_EXERCISE AIM_.
Stop after the line containing "i \<Longrightarrow> rot_seq"; retype every line of the data before it exactly, starting from the first.
* * * *
lemma qam_peak_to_mean_ratio_eq:
  fixes x y :: real
  assumes n: "n \<ge> 1" and y: "y \<noteq> 2" and N: "N > 0"
  shows "1/2 * x * N * (\<Sum>i<n. 2 ^ (n - 1 - i) * y ^ i)\<^sup>2 / (real N / 2 * ((4 ^ n - 1) / 3))
       = 3 / 4 * (4 ^ n / (4 ^ n - 1)) * ((1 - (y / 2) ^ n) / (1 - y / 2))\<^sup>2 * x"
proof -
  define G where "G = (1 - (y / 2) ^ n) / (1 - y / 2)"
  have "((2::real) ^ (n - 1))\<^sup>2 = 4 ^ n / 4"
    using n by (cases n) (simp_all add: power2_eq_square power_mult_distrib[symmetric])
  moreover have "(4::real) ^ n > 1" using n by simp
  ultimately show ?thesis
    unfolding sum_pow2_pow_eq_geometric[OF n y] G_def[symmetric] using N by (simp add: field_simps)
qed

theorem theorem1:
  fixes T f0 df x y :: real and N n :: nat and S :: "nat \<Rightarrow> complex list set"
  assumes T_pos: "T > 0"
    and Tdf: "\<exists>m::nat. m > 0 \<and> T * df = real m"
    and N_ge: "N \<ge> 1" and n_ge: "n \<ge> 1"
    and x_gt: "x > 1" and y_ge: "1 \<le> y" and y_lt: "y < 2"
    and S_ne: "\<And>i. i < n \<Longrightarrow> S i \<noteq> {}"
    and S_qpsk: "\<And>i s. i < n \<Longrightarrow> s \<in> S i \<Longrightarrow> qpsk_seq N s"
    and S_pep: "\<And>i s. i < n \<Longrightarrow> s \<in> S i \<Longrightarrow> PEP T f0 df s \<le> x * y ^ (2 * i) * real N"
    and S_rot: "\<And>i s m. i < n \<Longrightarrow> s \<in> S i \<Longrightarrow> m < 4 \<Longrightarrow> rot_seq m s \<in> S i"
  shows "PMEPR T f0 df N n S
          \<le> 3 / 4 * (2 ^ (2 * n) / (2 ^ (2 * n) - 1))
              * ((1 - (y / 2) ^ n) / (1 - y / 2))\<^sup>2 * x"
proof -
  have S_neg: "\<And>i s. i < n \<Longrightarrow> s \<in> S i \<Longrightarrow> rot_seq 2 s \<in> S i"
    using S_rot by simp
  have P_av: "P_av T f0 df N n S = real N / 2 * ((4 ^ n - 1) / 3)"
    unfolding sum_pow2_sq_eq[symmetric] using T_pos Tdf S_ne S_qpsk S_neg by (rule P_av_qam_eq)
  have "Max (PEP T f0 df ` qam_set N n S) \<le> 1/2 * x * N * (\<Sum>i<n. 2 ^ (n - 1 - i) * y ^ i)\<^sup>2"
    using T_pos x_gt y_ge S_ne S_qpsk S_pep by (intro Max_PEP_qam_set_le) auto
  moreover have "real N / 2 * ((4 ^ n - 1) / 3) \<ge> 0"
    by simp
  ultimately have "PMEPR T f0 df N n S
      \<le> 1/2 * x * N * (\<Sum>i<n. 2 ^ (n - 1 - i) * y ^ i)\<^sup>2 / (real N / 2 * ((4 ^ n - 1) / 3))"
    unfolding PMEPR_def P_av by (rule divide_right_mono)
  also have "\<dots> = 3 / 4 * (4 ^ n / (4 ^ n - 1)) * ((1 - (y / 2) ^ n) / (1 - y / 2))\<^sup>2 * x"
    using n_ge y_lt N_ge by (intro qam_peak_to_mean_ratio_eq) auto
  finally show ?thesis
    by (simp add: power_mult)
qed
* * * *
_RESPONSE TO THIS TASK_.
lemma qam_peak_to_mean_ratio_eq:
  fixes x y :: real
  assumes n: "n \<ge> 1" and y: "y \<noteq> 2" and N: "N > 0"
  shows "1/2 * x * N * (\<Sum>i<n. 2 ^ (n - 1 - i) * y ^ i)\<^sup>2 / (real N / 2 * ((4 ^ n - 1) / 3))
       = 3 / 4 * (4 ^ n / (4 ^ n - 1)) * ((1 - (y / 2) ^ n) / (1 - y / 2))\<^sup>2 * x"
proof -
  define G where "G = (1 - (y / 2) ^ n) / (1 - y / 2)"
  have "((2::real) ^ (n - 1))\<^sup>2 = 4 ^ n / 4"
    using n by (cases n) (simp_all add: power2_eq_square power_mult_distrib[symmetric])
  moreover have "(4::real) ^ n > 1" using n by simp
  ultimately show ?thesis
    unfolding sum_pow2_pow_eq_geometric[OF n y] G_def[symmetric] using N by (simp add: field_simps)
qed

theorem theorem1:
  fixes T f0 df x y :: real and N n :: nat and S :: "nat \<Rightarrow> complex list set"
  assumes T_pos: "T > 0"
    and Tdf: "\<exists>m::nat. m > 0 \<and> T * df = real m"
    and N_ge: "N \<ge> 1" and n_ge: "n \<ge> 1"
    and x_gt: "x > 1" and y_ge: "1 \<le> y" and y_lt: "y < 2"
    and S_ne: "\<And>i. i < n \<Longrightarrow> S i \<noteq> {}"
    and S_qpsk: "\<And>i s. i < n \<Longrightarrow> s \<in> S i \<Longrightarrow> qpsk_seq N s"
    and S_pep: "\<And>i s. i < n \<Longrightarrow> s \<in> S i \<Longrightarrow> PEP T f0 df s \<le> x * y ^ (2 * i) * real N"
    and S_rot: "\<And>i s m. i < n \<Longrightarrow> s \<in> S i \<Longrightarrow> m < 4 \<Longrightarrow> rot_seq m s \<in> S i"
  shows "PMEPR T f0 df N n S
          \<le> 3 / 4 * (2 ^ (2 * n) / (2 ^ (2 * n) - 1))
              * ((1 - (y / 2) ^ n) / (1 - y / 2))\<^sup>2 * x"
proof -
  have S_neg: "\<And>i s. i < n \<Longrightarrow> s \<in> S i \<Longrightarrow> rot_seq 2 s \<in> S i"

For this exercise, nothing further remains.